Well today was a good day. I was super tired because it took me forever to fall asleep last night  so after I dropped Savannah to daycare I went home and took a short nap. Then headed to my Pure Barre class I was definitely  feeling the burn today. I’ve gone five days straight with no break and I went 6 days straight last week with just a break on Saturday. I am taking tomorrow off to rest my body. I had shredded wheat for breakfast and then had a healthy light lunch of two hard boiled eggs and lots of water all day long. I got an iced coffee in the afternoon  for a snack.
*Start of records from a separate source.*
text \<open>Pettis' theorem. If \<open>w \<notin> A - A\<close>, the nonempty open set \<open>U \<inter> (w + U)\<close> would be
  covered by the meager set \<open>(U - A) \<union> (w + (U - A))\<close>.\<close>

lemma baire_property_difference_nhd:
  fixes A :: "'a::{topological_group_add, t2_space} set"
  assumes lc: "locally_compact_space (euclidean :: 'a topology)"
    and "baire_property A" "\<not> meager A"
  obtains W where "open W" "0 \<in> W" "\<And>w. w \<in> W \<Longrightarrow> \<exists>a\<in>A. \<exists>b\<in>A. w = a + - b"
proof -
  obtain U where U: "open U" "meager (A - U)" "meager (U - A)"
    using assms(2) unfolding baire_property_def by blast
  have "U \<noteq> {}"
    using U(2) assms(3) by auto
  then obtain u where u: "u \<in> U"
    by blast
  define W where "W = (\<lambda>x. x + u) -` U"
  have "open W"
    unfolding W_def using U(1) by (intro open_vimage continuous_intros)
  moreover have "0 \<in> W"
    unfolding W_def using u by simp
  moreover have "\<exists>a\<in>A. \<exists>b\<in>A. w = a + - b" if "w \<in> W" for w
  proof (rule ccontr)
    assume "\<not> ?thesis"
    then have "w + b \<notin> A" if "b \<in> A" for b
      using that by (metis add_diff_cancel diff_conv_add_uminus)
    then have "U \<inter> (+) w ` U \<subseteq> (U - A) \<union> (+) w ` (U - A)"
      by blast
    moreover have "meager ((U - A) \<union> (+) w ` (U - A))"
      using U(3) by (intro meager_Un meager_translation)
    moreover have "w + u \<in> U \<inter> (+) w ` U"
      using that u unfolding W_def by auto
    moreover have "open (U \<inter> (+) w ` U)"
      using U(1) by (intro open_Int open_translation)
    ultimately show False
      using open_not_meager[OF lc] meager_subset by blast
  qed
  ultimately show ?thesis
    using that by blast
qed

lemma length_function_bounded_near_zero:
  fixes l :: "'a::{topological_group_add, t2_space} \<Rightarrow> real"
  assumes lc: "locally_compact_space (euclidean :: 'a topology)" and lf: "length_function l"
  obtains W D where "open W" "0 \<in> W" "\<And>w. w \<in> W \<Longrightarrow> l w \<le> D"
proof -
  define L where "L n = l -` {..real n}" for n :: nat
  have "L n \<in> sets borel" for n
    unfolding L_def using lf by (intro measurable_sets_borel) (auto simp: length_function_def)
  then have bp: "baire_property (L n)" for n
    by (rule borel_imp_baire_property)
  have "(\<Union>n. L n) = UNIV"
    unfolding L_def by (auto intro: real_nat_ceiling_ge)
  then have "\<exists>n. \<not> meager (L n)"
    using open_not_meager[OF lc, of UNIV] meager_countable_Union[of "range L"] by auto
  then obtain n where "\<not> meager (L n)"
    by blast
  then obtain W where W: "open W" "0 \<in> W" "\<And>w. w \<in> W \<Longrightarrow> \<exists>a\<in>L n. \<exists>b\<in>L n. w = a + - b"
    using baire_property_difference_nhd[OF lc bp] by blast
  have "l w \<le> 2 * real n" if w: "w \<in> W" for w
  proof -
    obtain a b where ab: "a \<in> L n" "b \<in> L n" "w = a + - b"
      using W(3)[OF w] by blast
    have "l w \<le> l a + l b"
      using lf unfolding length_function_def ab(3) by metis
    then show ?thesis
      using ab(1,2) unfolding L_def by simp
  qed
  with W show ?thesis
    using that by blast
qed

section \<open>The quotient space of right cosets\<close>

lemma is_subgroupD:
  assumes "is_subgroup H"
  shows "0 \<in> H" "\<And>p q. p \<in> H \<Longrightarrow> q \<in> H \<Longrightarrow> p + q \<in> H" "\<And>p. p \<in> H \<Longrightarrow> - p \<in> H"
  using assms unfolding is_subgroup_def by auto

lemma mem_rcoset_self: "is_subgroup H \<Longrightarrow> g \<in> rcoset H g"
  unfolding rcoset_def using is_subgroupD(1) add_0[of g, symmetric] by blast

lemma rcoset_eq:
  assumes H: "is_subgroup H" and "x \<in> rcoset H a"
  shows "rcoset H x = rcoset H a"
proof -
  obtain h where h: "h \<in> H" "x = h + a"
    using assms(2) unfolding rcoset_def by blast
  show ?thesis
  proof (intro set_eqI iffI)
    fix y
    assume "y \<in> rcoset H x"
    then obtain k where k: "k \<in> H" "y = k + x"
      unfolding rcoset_def by blast
    then have "y = (k + h) + a"
      using h(2) by (simp add: add.assoc)
    then show "y \<in> rcoset H a"
      unfolding rcoset_def using is_subgroupD(2)[OF H k(1) h(1)] by blast
  next
    fix y
    assume "y \<in> rcoset H a"
    then obtain k where k: "k \<in> H" "y = k + a"
      unfolding rcoset_def by blast
    then have "y = (k + - h) + x"
      using h(2) by (simp add: add.assoc[symmetric])
    then show "y \<in> rcoset H x"
      unfolding rcoset_def using is_subgroupD(2,3)[OF H] k(1) h(1) by blast
  qed
qed

lemma coset_space_eq_rcoset:
  assumes "is_subgroup H" "c \<in> coset_space H" "g \<in> c"
  shows "c = rcoset H g"
proof -
  obtain a where "c = rcoset H a"
    using assms(2) unfolding coset_space_def by blast
  with assms(1,3) show ?thesis
    using rcoset_eq[OF assms(1), of g a] by simp
qed

lemma openin_coset_topology:
  assumes H: "is_subgroup H"
  shows "openin (coset_topology H) U \<longleftrightarrow> U \<subseteq> coset_space H \<and> open (\<Union>U)"
proof -
  have Int: "\<Union>(S \<inter> T) = \<Union>S \<inter> \<Union>T" if "S \<subseteq> coset_space H" "T \<subseteq> coset_space H" for S T
    using that coset_space_eq_rcoset[OF H] by blast
  have Union: "\<Union>K \<subseteq> coset_space H \<and> open (\<Union>(\<Union>K))"
    if "\<forall>U\<in>K. U \<subseteq> coset_space H \<and> open (\<Union>U)" for K :: "'a set set set"
  proof -
    have "\<Union>(\<Union>K) = (\<Union>U\<in>K. \<Union>U)"
      by blast
    with that show ?thesis
      by (auto intro!: open_UN)
  qed
  have "istopology (\<lambda>U. U \<subseteq> coset_space H \<and> open (\<Union>U))"
    unfolding istopology_def using Union by (auto simp: Int)
  then show ?thesis
    unfolding coset_topology_def by simp
qed

lemma topspace_coset_topology:
  assumes H: "is_subgroup H"
  shows "topspace (coset_topology H) = coset_space H"
proof -
  have "\<Union>(coset_space H) = UNIV"
    using mem_rcoset_self[OF H] unfolding coset_space_def by blast
  then have "openin (coset_topology H) (coset_space H)"
    using openin_coset_topology[OF H] by simp
  then show ?thesis
    using openin_coset_topology[OF H] openin_subset by (metis openin_topspace subset_antisym)
qed

lemma continuous_map_rcoset:
  assumes H: "is_subgroup H"
  shows "continuous_map euclidean (coset_topology H) (rcoset H)"
  unfolding continuous_map
proof (intro conjI allI impI)
  show "rcoset H ` topspace euclidean \<subseteq> topspace (coset_topology H)"
    unfolding topspace_coset_topology[OF H] coset_space_def by auto
  fix U
  assume "openin (coset_topology H) U"
  then have "U \<subseteq> coset_space H" "open (\<Union>U)"
    using openin_coset_topology[OF H] by auto
  moreover have "{x. rcoset H x \<in> U} = \<Union>U" if "U \<subseteq> coset_space H"
    using that mem_rcoset_self[OF H] coset_space_eq_rcoset[OF H] by blast
  ultimately show "openin euclidean {x \<in> topspace euclidean. rcoset H x \<in> U}"
    by simp
qed

lemma openin_rcoset_image:
  assumes H: "is_subgroup H" and "open (Q :: 'a::topological_group_add set)"
  shows "openin (coset_topology H) (rcoset H ` Q)"
proof -
  have "\<Union>(rcoset H ` Q) = (\<Union>h\<in>H. (+) h ` Q)"
    unfolding rcoset_def by blast
  moreover have "open (\<Union>h\<in>H. (+) h ` Q)"
    using assms(2) by (intro open_UN ballI open_translation)
  ultimately show ?thesis
    unfolding openin_coset_topology[OF H] coset_space_def by auto
qed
I cooked Fried chicken on a biscuit and served with Red Cabbage slaw. Very tasty meal from Martha & Marley Spoon the stuff I ordered for Brandon from Old Navy arrived today. Also my fabletics outfit. I wore my waist trainer for four hours. My son will be going out of town after school tomorrow after school with my Dad. I will cook another Martha & Marley Spoon meal tomorrow night for me my hubby Jeff and our little one Savannah. I am looking forward to a lunch date with the girls tomorrow always nice to have some gal time. Saturday night Savannah  is being watched by our care giver Katie so Jeff and I get a date  night. I need to do Pure Barre classes Saturday and  Sunday. Still waiting on my Adore Me order. Also the kids easter items I ordered. My elbows are all messed up from the fore arm planks I am doing on the carpet at Pure Barre lol. My roots are killing me lol I am in great need of getting my hair done. We have our three year wedding anniversary on Tuesday. My little munchkin is growing up and its cute but makes me shed a tear or two. She now just walks up to daycare  doesn’t want me to carry her and says bye bye instead of crying like she used to. She is so chatty learning many new words and she is very independent although she has bouts where she freaks and needs mama especially when I am cooking lol. My son has only a few months left and then no more elementary and he will start junior high in the fall at Sacred Heart School. I hope everyone had a great day stay tuned lots of posts to come.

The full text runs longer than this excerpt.